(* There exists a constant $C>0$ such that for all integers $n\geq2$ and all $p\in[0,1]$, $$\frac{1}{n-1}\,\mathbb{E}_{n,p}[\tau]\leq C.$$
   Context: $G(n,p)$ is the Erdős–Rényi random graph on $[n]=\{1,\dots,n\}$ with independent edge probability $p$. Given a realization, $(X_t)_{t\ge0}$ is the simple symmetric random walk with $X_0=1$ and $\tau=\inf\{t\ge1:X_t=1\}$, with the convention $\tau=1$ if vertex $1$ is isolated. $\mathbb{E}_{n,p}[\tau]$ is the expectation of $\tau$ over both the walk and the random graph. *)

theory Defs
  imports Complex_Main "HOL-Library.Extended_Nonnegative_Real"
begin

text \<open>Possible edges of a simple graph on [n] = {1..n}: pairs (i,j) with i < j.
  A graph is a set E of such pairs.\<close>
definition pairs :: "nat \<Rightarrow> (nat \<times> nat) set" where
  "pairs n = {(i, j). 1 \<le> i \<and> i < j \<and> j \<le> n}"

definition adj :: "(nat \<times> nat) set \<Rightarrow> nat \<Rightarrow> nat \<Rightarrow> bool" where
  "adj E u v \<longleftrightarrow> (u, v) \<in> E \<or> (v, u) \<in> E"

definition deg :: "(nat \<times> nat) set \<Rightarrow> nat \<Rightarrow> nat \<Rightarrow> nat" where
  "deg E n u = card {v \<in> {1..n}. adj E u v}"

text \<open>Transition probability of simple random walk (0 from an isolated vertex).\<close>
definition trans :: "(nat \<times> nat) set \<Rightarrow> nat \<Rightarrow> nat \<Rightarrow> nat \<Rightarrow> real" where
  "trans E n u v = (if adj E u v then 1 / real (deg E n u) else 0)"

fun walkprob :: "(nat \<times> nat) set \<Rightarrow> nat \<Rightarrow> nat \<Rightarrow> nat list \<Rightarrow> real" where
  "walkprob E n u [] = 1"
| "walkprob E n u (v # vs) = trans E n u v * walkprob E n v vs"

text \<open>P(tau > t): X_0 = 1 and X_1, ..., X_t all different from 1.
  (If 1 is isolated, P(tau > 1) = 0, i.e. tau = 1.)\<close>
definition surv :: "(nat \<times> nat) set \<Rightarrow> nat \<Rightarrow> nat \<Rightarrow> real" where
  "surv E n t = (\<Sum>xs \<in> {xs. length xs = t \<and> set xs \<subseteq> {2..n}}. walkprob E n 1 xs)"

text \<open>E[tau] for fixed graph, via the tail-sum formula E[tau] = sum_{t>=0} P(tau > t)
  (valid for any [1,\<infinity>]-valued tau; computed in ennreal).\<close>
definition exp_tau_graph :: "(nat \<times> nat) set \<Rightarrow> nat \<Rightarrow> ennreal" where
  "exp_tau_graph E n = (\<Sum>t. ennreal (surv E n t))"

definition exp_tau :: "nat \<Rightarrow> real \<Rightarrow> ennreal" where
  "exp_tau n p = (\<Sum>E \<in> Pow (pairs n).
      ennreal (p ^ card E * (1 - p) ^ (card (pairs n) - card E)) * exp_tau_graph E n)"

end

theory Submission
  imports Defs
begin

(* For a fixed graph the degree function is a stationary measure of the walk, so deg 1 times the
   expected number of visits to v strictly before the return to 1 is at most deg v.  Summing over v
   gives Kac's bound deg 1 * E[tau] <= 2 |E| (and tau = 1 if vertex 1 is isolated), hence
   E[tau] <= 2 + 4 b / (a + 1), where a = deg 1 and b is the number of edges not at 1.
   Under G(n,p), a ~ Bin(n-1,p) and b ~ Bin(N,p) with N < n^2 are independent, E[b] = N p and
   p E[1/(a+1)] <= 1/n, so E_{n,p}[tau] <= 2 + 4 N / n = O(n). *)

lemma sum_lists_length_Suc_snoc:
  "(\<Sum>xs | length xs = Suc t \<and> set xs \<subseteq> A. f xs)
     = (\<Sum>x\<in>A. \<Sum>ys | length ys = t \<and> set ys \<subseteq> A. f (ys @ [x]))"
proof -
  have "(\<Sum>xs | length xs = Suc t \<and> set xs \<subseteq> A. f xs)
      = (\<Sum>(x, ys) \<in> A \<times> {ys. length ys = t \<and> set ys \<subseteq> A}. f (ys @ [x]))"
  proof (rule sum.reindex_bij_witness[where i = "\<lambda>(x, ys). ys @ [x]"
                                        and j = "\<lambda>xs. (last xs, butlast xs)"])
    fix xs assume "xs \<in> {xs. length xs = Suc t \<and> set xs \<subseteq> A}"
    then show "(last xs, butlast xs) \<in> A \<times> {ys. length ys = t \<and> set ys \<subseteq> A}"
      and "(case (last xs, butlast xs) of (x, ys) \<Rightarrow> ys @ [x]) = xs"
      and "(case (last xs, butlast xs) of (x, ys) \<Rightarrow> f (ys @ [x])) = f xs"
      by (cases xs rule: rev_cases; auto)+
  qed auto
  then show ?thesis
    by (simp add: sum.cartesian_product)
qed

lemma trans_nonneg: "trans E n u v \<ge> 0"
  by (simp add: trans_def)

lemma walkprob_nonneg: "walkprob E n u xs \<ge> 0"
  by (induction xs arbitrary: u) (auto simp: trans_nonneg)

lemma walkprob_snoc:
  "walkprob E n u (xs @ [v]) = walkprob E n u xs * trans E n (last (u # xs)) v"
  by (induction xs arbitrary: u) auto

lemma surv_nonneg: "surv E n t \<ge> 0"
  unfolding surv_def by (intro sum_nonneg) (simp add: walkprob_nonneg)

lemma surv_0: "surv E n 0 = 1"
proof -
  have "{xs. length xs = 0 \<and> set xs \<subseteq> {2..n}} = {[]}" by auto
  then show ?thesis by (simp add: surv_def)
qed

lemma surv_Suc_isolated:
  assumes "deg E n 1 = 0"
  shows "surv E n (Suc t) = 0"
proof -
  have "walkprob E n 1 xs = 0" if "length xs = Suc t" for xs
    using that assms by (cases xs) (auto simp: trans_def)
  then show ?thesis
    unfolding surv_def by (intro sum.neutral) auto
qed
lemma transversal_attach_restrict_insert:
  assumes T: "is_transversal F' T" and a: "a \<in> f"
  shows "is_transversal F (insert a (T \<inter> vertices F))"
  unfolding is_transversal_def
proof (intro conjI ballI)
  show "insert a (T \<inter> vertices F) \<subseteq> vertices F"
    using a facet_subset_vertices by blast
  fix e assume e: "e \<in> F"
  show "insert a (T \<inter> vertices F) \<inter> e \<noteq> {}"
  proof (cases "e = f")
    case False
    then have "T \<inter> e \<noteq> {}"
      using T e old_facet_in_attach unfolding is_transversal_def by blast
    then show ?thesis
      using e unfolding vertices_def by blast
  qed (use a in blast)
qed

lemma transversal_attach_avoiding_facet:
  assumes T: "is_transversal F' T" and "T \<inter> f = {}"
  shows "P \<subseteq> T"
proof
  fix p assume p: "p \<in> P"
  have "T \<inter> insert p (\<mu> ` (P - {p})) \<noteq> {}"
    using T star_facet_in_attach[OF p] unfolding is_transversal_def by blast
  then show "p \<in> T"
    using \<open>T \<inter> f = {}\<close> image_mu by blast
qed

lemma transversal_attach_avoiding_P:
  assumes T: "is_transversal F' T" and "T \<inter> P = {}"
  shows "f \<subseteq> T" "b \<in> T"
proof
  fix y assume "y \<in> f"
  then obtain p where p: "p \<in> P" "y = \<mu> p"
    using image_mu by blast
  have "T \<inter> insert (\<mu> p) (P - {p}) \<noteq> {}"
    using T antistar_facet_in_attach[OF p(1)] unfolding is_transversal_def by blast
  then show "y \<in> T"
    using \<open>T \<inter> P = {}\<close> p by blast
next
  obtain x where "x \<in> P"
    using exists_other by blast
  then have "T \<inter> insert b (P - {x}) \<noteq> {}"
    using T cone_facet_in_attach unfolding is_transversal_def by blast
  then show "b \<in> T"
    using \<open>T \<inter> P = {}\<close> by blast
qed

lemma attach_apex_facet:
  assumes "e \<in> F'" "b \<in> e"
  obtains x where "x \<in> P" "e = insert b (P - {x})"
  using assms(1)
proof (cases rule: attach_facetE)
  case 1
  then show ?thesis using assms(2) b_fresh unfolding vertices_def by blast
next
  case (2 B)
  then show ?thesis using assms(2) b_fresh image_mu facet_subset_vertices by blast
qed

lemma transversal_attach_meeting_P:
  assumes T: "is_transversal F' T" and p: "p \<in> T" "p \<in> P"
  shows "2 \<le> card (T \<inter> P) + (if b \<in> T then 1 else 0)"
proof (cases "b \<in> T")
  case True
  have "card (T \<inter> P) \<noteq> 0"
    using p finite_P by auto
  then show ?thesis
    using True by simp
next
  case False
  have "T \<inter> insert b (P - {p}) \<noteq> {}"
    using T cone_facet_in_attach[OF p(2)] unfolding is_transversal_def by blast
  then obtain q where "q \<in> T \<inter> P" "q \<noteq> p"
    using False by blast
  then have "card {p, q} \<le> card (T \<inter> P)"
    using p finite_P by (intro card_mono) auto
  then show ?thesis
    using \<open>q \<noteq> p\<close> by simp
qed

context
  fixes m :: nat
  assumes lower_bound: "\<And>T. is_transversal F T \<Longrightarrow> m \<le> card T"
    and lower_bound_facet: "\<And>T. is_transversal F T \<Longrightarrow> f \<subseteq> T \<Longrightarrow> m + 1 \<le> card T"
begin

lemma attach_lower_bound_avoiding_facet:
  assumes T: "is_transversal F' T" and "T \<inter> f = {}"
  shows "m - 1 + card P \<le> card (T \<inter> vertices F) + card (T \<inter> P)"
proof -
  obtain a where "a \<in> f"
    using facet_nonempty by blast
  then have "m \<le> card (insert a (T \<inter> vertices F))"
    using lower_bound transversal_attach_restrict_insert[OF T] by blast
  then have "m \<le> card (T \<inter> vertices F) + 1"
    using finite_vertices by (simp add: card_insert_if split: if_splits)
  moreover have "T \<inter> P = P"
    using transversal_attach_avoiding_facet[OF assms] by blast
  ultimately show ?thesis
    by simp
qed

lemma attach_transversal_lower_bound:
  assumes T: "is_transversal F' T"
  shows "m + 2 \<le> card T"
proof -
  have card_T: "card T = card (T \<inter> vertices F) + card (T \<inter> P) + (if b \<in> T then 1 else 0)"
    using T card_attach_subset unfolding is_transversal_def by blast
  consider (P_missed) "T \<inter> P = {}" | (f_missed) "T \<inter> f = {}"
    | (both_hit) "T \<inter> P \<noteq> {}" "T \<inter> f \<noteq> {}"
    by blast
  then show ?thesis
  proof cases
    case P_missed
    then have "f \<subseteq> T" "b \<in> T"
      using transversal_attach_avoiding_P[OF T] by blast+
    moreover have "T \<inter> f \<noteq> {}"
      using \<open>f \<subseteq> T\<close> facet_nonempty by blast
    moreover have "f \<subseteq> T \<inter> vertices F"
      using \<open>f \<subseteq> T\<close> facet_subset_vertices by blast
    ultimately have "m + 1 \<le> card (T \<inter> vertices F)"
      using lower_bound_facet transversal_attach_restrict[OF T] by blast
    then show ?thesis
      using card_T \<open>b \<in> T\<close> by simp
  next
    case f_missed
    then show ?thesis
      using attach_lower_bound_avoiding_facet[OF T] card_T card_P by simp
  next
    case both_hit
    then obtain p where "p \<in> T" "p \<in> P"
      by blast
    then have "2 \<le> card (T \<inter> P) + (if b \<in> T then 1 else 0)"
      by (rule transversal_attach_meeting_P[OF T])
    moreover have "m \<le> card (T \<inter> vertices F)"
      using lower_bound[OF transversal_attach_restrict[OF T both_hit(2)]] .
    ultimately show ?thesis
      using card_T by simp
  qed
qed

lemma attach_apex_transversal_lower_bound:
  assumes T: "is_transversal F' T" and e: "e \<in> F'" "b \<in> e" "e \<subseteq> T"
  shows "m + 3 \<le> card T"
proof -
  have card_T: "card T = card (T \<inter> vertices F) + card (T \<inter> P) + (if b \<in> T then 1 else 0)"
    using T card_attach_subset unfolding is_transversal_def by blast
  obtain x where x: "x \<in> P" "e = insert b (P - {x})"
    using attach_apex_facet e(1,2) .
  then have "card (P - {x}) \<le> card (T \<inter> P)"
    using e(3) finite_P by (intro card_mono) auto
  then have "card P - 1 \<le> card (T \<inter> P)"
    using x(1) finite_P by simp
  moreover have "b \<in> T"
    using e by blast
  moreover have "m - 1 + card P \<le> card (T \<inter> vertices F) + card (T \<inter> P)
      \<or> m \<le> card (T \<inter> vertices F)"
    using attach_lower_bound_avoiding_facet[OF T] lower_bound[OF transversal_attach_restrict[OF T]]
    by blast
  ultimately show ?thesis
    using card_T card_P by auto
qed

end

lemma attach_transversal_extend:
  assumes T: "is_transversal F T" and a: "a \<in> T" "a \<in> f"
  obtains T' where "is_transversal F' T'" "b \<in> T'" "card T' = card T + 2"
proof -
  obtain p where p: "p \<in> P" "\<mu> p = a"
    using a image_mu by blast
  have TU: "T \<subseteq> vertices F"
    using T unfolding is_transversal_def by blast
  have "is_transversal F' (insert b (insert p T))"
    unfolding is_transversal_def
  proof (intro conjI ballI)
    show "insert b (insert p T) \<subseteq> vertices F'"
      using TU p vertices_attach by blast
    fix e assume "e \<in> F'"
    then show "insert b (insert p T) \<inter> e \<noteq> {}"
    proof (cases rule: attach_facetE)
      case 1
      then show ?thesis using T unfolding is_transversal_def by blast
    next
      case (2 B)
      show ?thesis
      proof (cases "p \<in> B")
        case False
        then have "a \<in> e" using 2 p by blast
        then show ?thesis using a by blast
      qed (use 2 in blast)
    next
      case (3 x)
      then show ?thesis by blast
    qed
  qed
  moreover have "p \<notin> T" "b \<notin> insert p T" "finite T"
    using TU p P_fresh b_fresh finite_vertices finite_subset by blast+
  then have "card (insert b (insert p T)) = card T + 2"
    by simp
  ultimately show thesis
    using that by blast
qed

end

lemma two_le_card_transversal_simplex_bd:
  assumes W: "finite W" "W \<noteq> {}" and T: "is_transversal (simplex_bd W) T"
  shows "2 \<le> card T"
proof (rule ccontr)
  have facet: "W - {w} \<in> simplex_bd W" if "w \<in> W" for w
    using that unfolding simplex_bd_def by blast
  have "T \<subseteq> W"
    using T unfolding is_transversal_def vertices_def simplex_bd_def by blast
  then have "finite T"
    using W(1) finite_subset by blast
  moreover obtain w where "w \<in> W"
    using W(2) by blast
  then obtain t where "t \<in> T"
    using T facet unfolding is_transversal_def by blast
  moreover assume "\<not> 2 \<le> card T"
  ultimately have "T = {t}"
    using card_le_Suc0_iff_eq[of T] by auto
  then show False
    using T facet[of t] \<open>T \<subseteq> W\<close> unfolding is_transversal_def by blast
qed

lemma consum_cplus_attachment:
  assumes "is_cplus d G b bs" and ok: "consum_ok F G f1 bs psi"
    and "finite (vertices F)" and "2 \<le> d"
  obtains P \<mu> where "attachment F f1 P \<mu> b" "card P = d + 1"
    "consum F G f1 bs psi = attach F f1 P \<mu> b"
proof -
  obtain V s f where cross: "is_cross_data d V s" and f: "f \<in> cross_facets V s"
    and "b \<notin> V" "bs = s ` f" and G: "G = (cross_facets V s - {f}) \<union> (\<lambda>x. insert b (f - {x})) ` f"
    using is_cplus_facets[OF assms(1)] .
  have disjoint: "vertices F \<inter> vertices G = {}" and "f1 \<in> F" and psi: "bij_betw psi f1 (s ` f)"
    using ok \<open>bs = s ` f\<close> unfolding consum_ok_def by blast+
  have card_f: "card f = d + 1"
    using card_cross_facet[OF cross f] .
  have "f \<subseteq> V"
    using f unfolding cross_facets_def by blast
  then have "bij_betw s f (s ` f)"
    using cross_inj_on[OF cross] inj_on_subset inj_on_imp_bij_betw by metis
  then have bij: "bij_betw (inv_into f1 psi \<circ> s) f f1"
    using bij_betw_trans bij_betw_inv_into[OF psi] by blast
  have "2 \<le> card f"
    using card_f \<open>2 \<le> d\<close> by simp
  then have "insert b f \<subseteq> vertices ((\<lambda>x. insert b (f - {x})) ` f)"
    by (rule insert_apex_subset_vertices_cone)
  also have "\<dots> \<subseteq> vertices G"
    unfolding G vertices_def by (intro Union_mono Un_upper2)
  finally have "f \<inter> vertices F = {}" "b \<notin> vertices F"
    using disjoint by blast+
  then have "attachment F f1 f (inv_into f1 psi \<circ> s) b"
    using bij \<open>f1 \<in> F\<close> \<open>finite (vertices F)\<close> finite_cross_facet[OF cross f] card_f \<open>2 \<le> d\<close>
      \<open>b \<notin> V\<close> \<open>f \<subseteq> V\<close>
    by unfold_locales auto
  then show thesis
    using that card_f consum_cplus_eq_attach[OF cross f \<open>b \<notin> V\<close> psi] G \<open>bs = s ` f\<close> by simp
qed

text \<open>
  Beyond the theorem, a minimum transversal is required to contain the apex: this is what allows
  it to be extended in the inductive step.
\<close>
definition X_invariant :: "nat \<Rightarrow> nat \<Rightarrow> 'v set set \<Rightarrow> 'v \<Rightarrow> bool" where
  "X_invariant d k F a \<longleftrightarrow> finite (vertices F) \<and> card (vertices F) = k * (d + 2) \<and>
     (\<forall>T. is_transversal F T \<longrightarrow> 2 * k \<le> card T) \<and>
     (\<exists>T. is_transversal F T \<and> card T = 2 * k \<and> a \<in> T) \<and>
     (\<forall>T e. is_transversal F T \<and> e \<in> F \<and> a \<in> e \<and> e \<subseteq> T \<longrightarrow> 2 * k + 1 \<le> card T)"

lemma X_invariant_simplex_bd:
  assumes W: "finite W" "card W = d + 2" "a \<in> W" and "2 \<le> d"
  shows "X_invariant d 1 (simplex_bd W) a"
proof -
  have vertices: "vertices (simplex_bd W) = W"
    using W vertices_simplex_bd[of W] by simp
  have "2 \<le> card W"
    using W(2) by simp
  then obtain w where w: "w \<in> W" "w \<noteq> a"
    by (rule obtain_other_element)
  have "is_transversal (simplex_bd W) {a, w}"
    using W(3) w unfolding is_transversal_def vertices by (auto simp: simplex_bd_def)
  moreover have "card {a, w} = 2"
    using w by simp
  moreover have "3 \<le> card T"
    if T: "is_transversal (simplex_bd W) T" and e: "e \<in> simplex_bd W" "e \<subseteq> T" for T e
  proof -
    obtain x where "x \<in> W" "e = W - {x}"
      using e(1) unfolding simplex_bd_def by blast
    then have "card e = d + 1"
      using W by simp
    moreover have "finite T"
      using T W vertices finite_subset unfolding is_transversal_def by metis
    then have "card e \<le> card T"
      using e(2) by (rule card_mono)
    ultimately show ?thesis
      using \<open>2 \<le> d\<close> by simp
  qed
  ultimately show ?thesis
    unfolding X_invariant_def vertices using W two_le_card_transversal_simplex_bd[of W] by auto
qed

======

Select every line of the records holding the string "else".

  "trans E n u v = (if adj E u v then 1 / real (deg E n u) else 0)"
  shows "2 \<le> card (T \<inter> P) + (if b \<in> T then 1 else 0)"
  have card_T: "card T = card (T \<inter> vertices F) + card (T \<inter> P) + (if b \<in> T then 1 else 0)"
    then have "2 \<le> card (T \<inter> P) + (if b \<in> T then 1 else 0)"
  have card_T: "card T = card (T \<inter> vertices F) + card (T \<inter> P) + (if b \<in> T then 1 else 0)"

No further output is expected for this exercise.